In the above triangle ABC, \[{{p}_{1}},{{p}_{2}},{{p}_{3}}\] are the altitudes from A, B, and C respectively. We know that by Heron’s formula, we get,
\[\text{Area of }\Delta =\sqrt{s\left( s-a \right)\left( s-b \right)\left( s-c \right)}\]
where a, b and c are the sides of the triangle and \[s=\dfrac{a+b+c}{2}\].
So, by substituting a = 7, b = 5, c = 3, we get,
\[s=\dfrac{7+5+3}{2}=\dfrac{15}{2}\]
So, we get the area of \[\Delta ABC\] as,
\[\text{Area of }\Delta ABC=\sqrt{\left( \dfrac{15}{2} \right)\left( \dfrac{15}{2}-7 \right)\left( \dfrac{15}{2}-5 \right)\left( \dfrac{15}{2}-3 \right)}\]
\[\text{Area of }\Delta ABC=\sqrt{\left( \dfrac{15}{2} \right)\left( \dfrac{1}{2} \right)\left( \dfrac{5}{2} \right)\left( \dfrac{9}{2} \right)}\]

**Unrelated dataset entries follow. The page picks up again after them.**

lemma shift_apply_impulse_seq:
  "shift_apply p (impulse_seq g) n = coeff ((monom 1 n * p) mod g) (degree g - 1)"
proof (induction p arbitrary: n)
  case (pCons c p)
  have "monom 1 n * pCons c p = smult c (monom 1 n) + monom 1 (Suc n) * p"
    by (simp add: monom_Suc algebra_simps)
  then have "coeff ((monom 1 n * pCons c p) mod g) (degree g - 1)
      = c * impulse_seq g n + coeff ((monom 1 (Suc n) * p) mod g) (degree g - 1)"
    by (simp only: poly_mod_add_left mod_smult_left coeff_add coeff_smult impulse_seq_def)
  then show ?case
    by (simp only: shift_apply_pCons pCons.IH)
qed simp

lemma annihilates_impulse_seq_iff:
  fixes g :: "'a::field poly"
  assumes "g \<noteq> 0"
  shows "annihilates p (impulse_seq g) \<longleftrightarrow> g dvd p"
proof
  assume ann: "annihilates p (impulse_seq g)"
  show "g dvd p"
  proof (rule ccontr)
    define h where "h = p mod g"
    define j where "j = degree g - 1 - degree h"
    assume "\<not> g dvd p"
    then have "h \<noteq> 0" and "degree h < degree g"
      using degree_mod_less'[OF assms] by (auto simp: h_def dvd_eq_mod_eq_0)
    \<comment> \<open>shifting by \<open>j\<close> moves the leading coefficient of \<open>p mod g\<close> to the observed position\<close>
    have "(monom 1 j * p) mod g = (monom 1 j * h) mod g"
      by (simp add: h_def mod_mult_right_eq)
    also have "\<dots> = monom 1 j * h"
      using \<open>h \<noteq> 0\<close> \<open>degree h < degree g\<close>
      by (intro mod_poly_less) (simp add: j_def degree_mult_eq degree_monom_eq)
    finally have "(monom 1 j * p) mod g = monom 1 j * h" .
    then have "shift_apply p (impulse_seq g) j = lead_coeff h"
      using \<open>degree h < degree g\<close> by (simp add: shift_apply_impulse_seq coeff_monom_mult j_def)
    with ann \<open>h \<noteq> 0\<close> show False
      by (simp add: annihilates_def)
  qed
next
  assume "g dvd p"
  then obtain q where "p = g * q"
    by (rule dvdE)
  then have "monom 1 n * p = g * (monom 1 n * q)" for n
    by (simp add: ac_simps)
  then show "annihilates p (impulse_seq g)"
    by (simp add: annihilates_def shift_apply_impulse_seq)
qed

lemma seq_period_mem_O_set:
  fixes a :: "nat \<Rightarrow> 'a::field"
  assumes "lin_rec k a"
  shows "seq_period a \<in> O_set k TYPE('a)"
proof -
  obtain f where f: "degree f = k" "coeff f 0 \<noteq> 0" "annihilates f a"
    using assms by (rule lin_rec_imp_annihilates)
  then have "f \<noteq> 0"
    by auto
  then obtain g where "g \<noteq> 0" and g: "\<And>p. annihilates p a \<longleftrightarrow> g dvd p"
    using annihilator_principal f(3) by blast
  then have "g dvd f"
    using f(3) by blast
  then have "degree g \<le> k"
    using dvd_imp_degree_le \<open>f \<noteq> 0\<close> f(1) by blast
  from \<open>g dvd f\<close> obtain q where "f = g * q"
    by (rule dvdE)
  then have "coeff g 0 \<noteq> 0"
    using f(2) by (simp add: coeff_mult_0)
  define F where "F = [:0, 1:] ^ (k - degree g) * g"
  have "F \<noteq> 0" and "degree F = k"
    using \<open>g \<noteq> 0\<close> \<open>degree g \<le> k\<close> by (simp_all add: F_def degree_mult_eq degree_linear_power)
  moreover have "poly_ord F = seq_period a"
    using poly_ord_eq_Least[OF F_def \<open>coeff g 0 \<noteq> 0\<close>] seq_period_eq_Least[OF g] by simp
  ultimately have "seq_period a = poly_ord F \<and> F \<noteq> 0 \<and> degree F = k"
    by simp
  then show ?thesis
    unfolding O_set_def by blast
qed
(* There exists a universal constant $L'>1$ satisfying the following. Let $M$ be a $C^{1,1}$ $2$-manifold in $\mathbb{R}^3$ and let $p_0$ be an $\mathbb{H}$-regular point of $M$. Then there exist $\epsilon>0$ and an $L'$-bi-Lipschitz map $G:[-\epsilon,\epsilon]^2\to(M,|\cdot|)$ (Euclidean metrics on both sides) such that (1) $G(0,0)=p_0$, and (2) for all $v\in[-\epsilon,\epsilon]$, the curve $u\mapsto G(u,v)$ is a horizontal curve.
   Context: On $\mathbb{R}^3$ let $X=\partial_x-\tfrac12y\partial_z$, $Y=\partial_y+\tfrac12x\partial_z$, and $H_p=\mathrm{span}\{X(p),Y(p)\}$. A point $p$ of a $C^{1,1}$ $2$-manifold $M$ is characteristic if $T_pM=H_p$ and $\mathbb{H}$-regular otherwise. An absolutely continuous curve $(x(t),y(t),z(t))$ is horizontal if $z'+\tfrac12x'y-\tfrac12xy'=0$ almost everywhere. A map is $L'$-bi-Lipschitz if $L'^{-1}|a-b|\le|G(a)-G(b)|\le L'|a-b|$. *)

theory Defs
  imports "HOL-Analysis.Analysis"
begin

text \<open>Points of R^3 are vectors of type real^3; coordinates x = p$1, y = p$2, z = p$3.\<close>

definition Xfield :: "real^3 \<Rightarrow> real^3" where
  "Xfield p = vector [1, 0, - (p$2) / 2]"

definition Yfield :: "real^3 \<Rightarrow> real^3" where
  "Yfield p = vector [0, 1, (p$1) / 2]"

definition Hplane :: "real^3 \<Rightarrow> (real^3) set" where
  "Hplane p = span {Xfield p, Yfield p}"

text \<open>A C^{1,1} local chart of M around p: a homeomorphism phi of an open V in R^2 onto
  M \<inter> U (U open in R^3, p in U), which is C^1 with injective differential D and whose
  differential is Lipschitz on V (C^{1,1}; Lipschitz-ness is local so charts may be shrunk).\<close>
definition c11_chart :: "(real^3) set \<Rightarrow> (real \<times> real) set \<Rightarrow> (real^3) set
    \<Rightarrow> (real \<times> real \<Rightarrow> real^3) \<Rightarrow> (real \<times> real \<Rightarrow> real \<times> real \<Rightarrow> real^3) \<Rightarrow> bool" where
  "c11_chart M V U \<phi> D \<longleftrightarrow>
     open V \<and> open U \<and>
     (\<exists>\<psi>. homeomorphism V (M \<inter> U) \<phi> \<psi>) \<and>
     (\<forall>q\<in>V. (\<phi> has_derivative D q) (at q) \<and> inj (D q)) \<and>
     (\<exists>C. \<forall>q1\<in>V. \<forall>q2\<in>V. \<forall>h. norm (D q1 h - D q2 h) \<le> C * dist q1 q2 * norm h)"

definition c11_surface :: "(real^3) set \<Rightarrow> bool" where
  "c11_surface M \<longleftrightarrow>
     (\<forall>p\<in>M. \<exists>V U \<phi> D. p \<in> U \<and> c11_chart M V U \<phi> D)"

text \<open>Tangent plane T_pM: the image of the differential of a chart at the preimage of p
  (independent of the chart).\<close>
definition tangent_plane :: "(real^3) set \<Rightarrow> real^3 \<Rightarrow> (real^3) set \<Rightarrow> bool" where
  "tangent_plane M p T \<longleftrightarrow>
     (\<exists>V U \<phi> D q. p \<in> U \<and> c11_chart M V U \<phi> D \<and> q \<in> V \<and> \<phi> q = p \<and> T = range (D q))"

definition characteristic :: "(real^3) set \<Rightarrow> real^3 \<Rightarrow> bool" where
  "characteristic M p \<longleftrightarrow> p \<in> M \<and> tangent_plane M p (Hplane p)"

definition H_regular :: "(real^3) set \<Rightarrow> real^3 \<Rightarrow> bool" where
  "H_regular M p \<longleftrightarrow> p \<in> M \<and> \<not> characteristic M p"

definition abs_continuous_on :: "real set \<Rightarrow> (real \<Rightarrow> 'a::real_normed_vector) \<Rightarrow> bool" where
  "abs_continuous_on S f \<longleftrightarrow>
     (\<forall>e>0. \<exists>\<delta>>0. \<forall>n::nat. \<forall>a b :: nat \<Rightarrow> real.
        (\<forall>i<n. a i \<le> b i \<and> a i \<in> S \<and> b i \<in> S \<and> {a i..b i} \<subseteq> S) \<and>
        (\<forall>i<n. \<forall>j<n. i \<noteq> j \<longrightarrow> b i \<le> a j \<or> b j \<le> a i) \<and>
        (\<Sum>i<n. b i - a i) < \<delta>
        \<longrightarrow> (\<Sum>i<n. norm (f (b i) - f (a i))) < e)"

definition horizontal_curve :: "real \<Rightarrow> real \<Rightarrow> (real \<Rightarrow> real^3) \<Rightarrow> bool" where
  "horizontal_curve a b \<gamma> \<longleftrightarrow>
     abs_continuous_on {a..b} \<gamma> \<and>
     (AE t in lebesgue. t \<in> {a..b} \<longrightarrow>
        (\<exists>d. (\<gamma> has_vector_derivative d) (at t) \<and>
             d$3 + (d$1) * (\<gamma> t $ 2) / 2 - (\<gamma> t $ 1) * (d$2) / 2 = 0))"

definition bi_lipschitz_on :: "real \<Rightarrow> 'a::metric_space set \<Rightarrow> ('a \<Rightarrow> 'b::metric_space) \<Rightarrow> bool" where
  "bi_lipschitz_on L S G \<longleftrightarrow>
     (\<forall>a\<in>S. \<forall>b\<in>S. dist a b / L \<le> dist (G a) (G b) \<and> dist (G a) (G b) \<le> L * dist a b)"

end

theory Submission
  imports Defs
begin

\[\text{Area of }\Delta ABC=\sqrt{\dfrac{225\times 3}{16}}\]
\[\text{Area of }\Delta ABC=\dfrac{15\sqrt{3}}{4}sq.units.....\left( i \right)\]

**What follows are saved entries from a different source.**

(* For every triple of partitions $\lambda=(\lambda^{(1)},\lambda^{(2)},\lambda^{(3)})\vdash_n d$ one has $k(\lambda)\le N(\lambda)$.
   Context: $\lambda\vdash_n d$ means each $\lambda^{(k)}$ is a partition of $d$ with at most $n$ nonzero parts. The Kronecker coefficient $k(\lambda)$ is the dimension of the space of $S_d$-invariants in $[\lambda^{(1)}]\otimes[\lambda^{(2)}]\otimes[\lambda^{(3)}]$, where $[\mu]$ is the irreducible (Specht) representation of the symmetric group $S_d$ indexed by $\mu$; equivalently it is the dimension of the space of highest weight vectors of weight $\lambda^*$ in $\mathrm{Sym}^d\bigotimes^3(\mathbb C^n)^*$. An obstruction design is a subset $\mathcal H\subseteq[\ell_1]\times[\ell_2]\times[\ell_3]$; its $k$-slices are the nonempty sets $\{x\in\mathcal H:x_k=i\}$, and its type is $(\lambda^{(1)},\lambda^{(2)},\lambda^{(3)})$ where $\lambda^{(k)}$ is the transpose of the partition obtained by sorting the $k$-slice sizes nonincreasingly. Let $\ell_k=\lambda^{(k)}_1$. $N(\lambda)$ is the number of orbits, under the natural action of $S_{\ell_1}\times S_{\ell_2}\times S_{\ell_3}$ permuting coordinates in each direction, of the set of obstruction designs $\mathcal H\subseteq[\ell_1]\times[\ell_2]\times[\ell_3]$ of type $\lambda$. *)

theory Defs
  imports Complex_Main "HOL-Combinatorics.Permutations" "HOL-Library.Function_Algebras"
    "HOL-Library.Multiset"
begin

definition is_partition :: "nat \<Rightarrow> nat list \<Rightarrow> bool" where
  "is_partition d mu \<longleftrightarrow> sorted_wrt (\<ge>) mu \<and> (\<forall>x\<in>set mu. 0 < x) \<and> sum_list mu = d"

definition partition_le :: "nat \<Rightarrow> nat \<Rightarrow> nat list \<Rightarrow> bool" where
  "partition_le n d mu \<longleftrightarrow> is_partition d mu \<and> length mu \<le> n"

definition first_part :: "nat list \<Rightarrow> nat" where
  "first_part mu = (if mu = [] then 0 else hd mu)"

definition conj_part :: "nat list \<Rightarrow> nat list" where
  "conj_part mu = map (\<lambda>j. length (filter (\<lambda>x. j < x) mu)) [0..<first_part mu]"

text \<open>Young diagram cells (row, column), 0-indexed.\<close>
definition cells :: "nat list \<Rightarrow> (nat \<times> nat) set" where
  "cells mu = {(i, j). i < length mu \<and> j < mu ! i}"

definition tableaux :: "nat \<Rightarrow> nat list \<Rightarrow> (nat \<times> nat \<Rightarrow> nat) set" where
  "tableaux d mu = {T. bij_betw T (cells mu) {0..<d}}"

text \<open>The tabloid {T}, encoded as the map sending each entry x < d to its row.\<close>
definition tabloid :: "nat \<Rightarrow> nat list \<Rightarrow> (nat \<times> nat \<Rightarrow> nat) \<Rightarrow> (nat \<Rightarrow> nat)" where
  "tabloid d mu T = (\<lambda>x. if x < d then fst (inv_into (cells mu) T x) else 0)"

definition col_group :: "nat \<Rightarrow> nat list \<Rightarrow> (nat \<times> nat \<Rightarrow> nat) \<Rightarrow> (nat \<Rightarrow> nat) set" where
  "col_group d mu T = {p. p permutes {0..<d} \<and>
     (\<forall>x<d. snd (inv_into (cells mu) T (p x)) = snd (inv_into (cells mu) T x))}"

text \<open>Polytabloid e_T = sum over p in C_T of sign(p) {p T}, as an element of the
  permutation module M^mu (functions on tabloids).\<close>
definition polytabloid :: "nat \<Rightarrow> nat list \<Rightarrow> (nat \<times> nat \<Rightarrow> nat) \<Rightarrow> (nat \<Rightarrow> nat) \<Rightarrow> complex" where
  "polytabloid d mu T = (\<lambda>t. \<Sum>p\<in>col_group d mu T.
      of_int (sign p) * (if t = tabloid d mu (p \<circ> T) then 1 else 0))"

type_synonym tabtriple = "(nat \<Rightarrow> nat) \<times> (nat \<Rightarrow> nat) \<times> (nat \<Rightarrow> nat)"

definition fscale :: "complex \<Rightarrow> (tabtriple \<Rightarrow> complex) \<Rightarrow> (tabtriple \<Rightarrow> complex)" where
  "fscale c f = (\<lambda>x. c * f x)"

text \<open>[mu1] (x) [mu2] (x) [mu3], realised inside M^mu1 (x) M^mu2 (x) M^mu3 = functions on
  triples of tabloids, as the span of the products of polytabloids.\<close>
definition specht_triple :: "nat \<Rightarrow> nat list \<Rightarrow> nat list \<Rightarrow> nat list \<Rightarrow> (tabtriple \<Rightarrow> complex) set" where
  "specht_triple d mu1 mu2 mu3 = module.span fscale
     {(\<lambda>(t1, t2, t3). polytabloid d mu1 T1 t1 * polytabloid d mu2 T2 t2 * polytabloid d mu3 T3 t3)
       | T1 T2 T3. T1 \<in> tableaux d mu1 \<and> T2 \<in> tableaux d mu2 \<and> T3 \<in> tableaux d mu3}"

Now, we also know that area of the triangle \[=\dfrac{1}{2}\times base\times height\].
So, from this, we get the area of the triangle \[=\dfrac{1}{2}{{p}_{1}}.BC=\dfrac{1}{2}{{p}_{2}}.AC=\dfrac{1}{2}{{p}_{3}}.AB\]
Area of \[\Delta ABC=\dfrac{1}{2}{{p}_{1}}a=\dfrac{1}{2}{{p}_{2}}b=\dfrac{1}{2}{{p}_{3}}c....\left( ii \right)\]
So, by equating the area of the triangle ABC from equation (i) and (ii), we get,
\[\dfrac{1}{2}a{{p}_{1}}=\dfrac{1}{2}b{{p}_{2}}=\dfrac{1}{2}c{{p}_{3}}=\dfrac{15\sqrt{3}}{4}\]
By multiplying 2 on both the sides of the above equation, we get,
\[a{{p}_{1}}=b{{p}_{2}}=c{{p}_{3}}=\dfrac{15\sqrt{3}}{4}.2\]
\[a{{p}_{1}}=b{{p}_{2}}=c{{p}_{3}}=\dfrac{15\sqrt{3}}{2}\]
So, we get,
\[a{{p}_{1}}+b{{p}_{2}}+c{{p}_{3}}=\dfrac{15\sqrt{3}}{2}+\dfrac{15\sqrt{3}}{2}+\dfrac{15\sqrt{3}}{2}\]
\[a{{p}_{1}}+b{{p}_{2}}+c{{p}_{3}}=3\times \dfrac{15\sqrt{3}}{2}\]
\[a{{p}_{1}}+b{{p}_{2}}+c{{p}_{3}}=\dfrac{45\sqrt{3}}{2}\]
By squaring both the sides of the above equation, we get,
\[{{\left( a{{p}_{1}}+b{{p}_{2}}+c{{p}_{3}} \right)}^{2}}={{\left( \dfrac{45\sqrt{3}}{2} \right)}^{2}}\]
\[{{\left( a{{p}_{1}}+b{{p}_{2}}+c{{p}_{3}} \right)}^{2}}={{\left( 45 \right)}^{2}}.\dfrac{3}{4}\]
By multiplying 4 on both the sides of the above equation, we get,
\[4{{\left( a{{p}_{1}}+b{{p}_{2}}+c{{p}_{3}} \right)}^{2}}=6075\]
So, we get the last digit of expression \[4{{\left( a{{p}_{1}}+b{{p}_{2}}+c{{p}_{3}} \right)}^{2}}\] as 5.

Note: In these types of questions, students must draw the diagram to visualize the question. Students must note that in a triangle, any sides can be taken as the base of the triangle but only the corresponding height should be taken to calculate the area of the triangle. Also, students must remember the various formulas for finding the area of the triangle as they are very useful in geometry while solving the questions related to the triangle.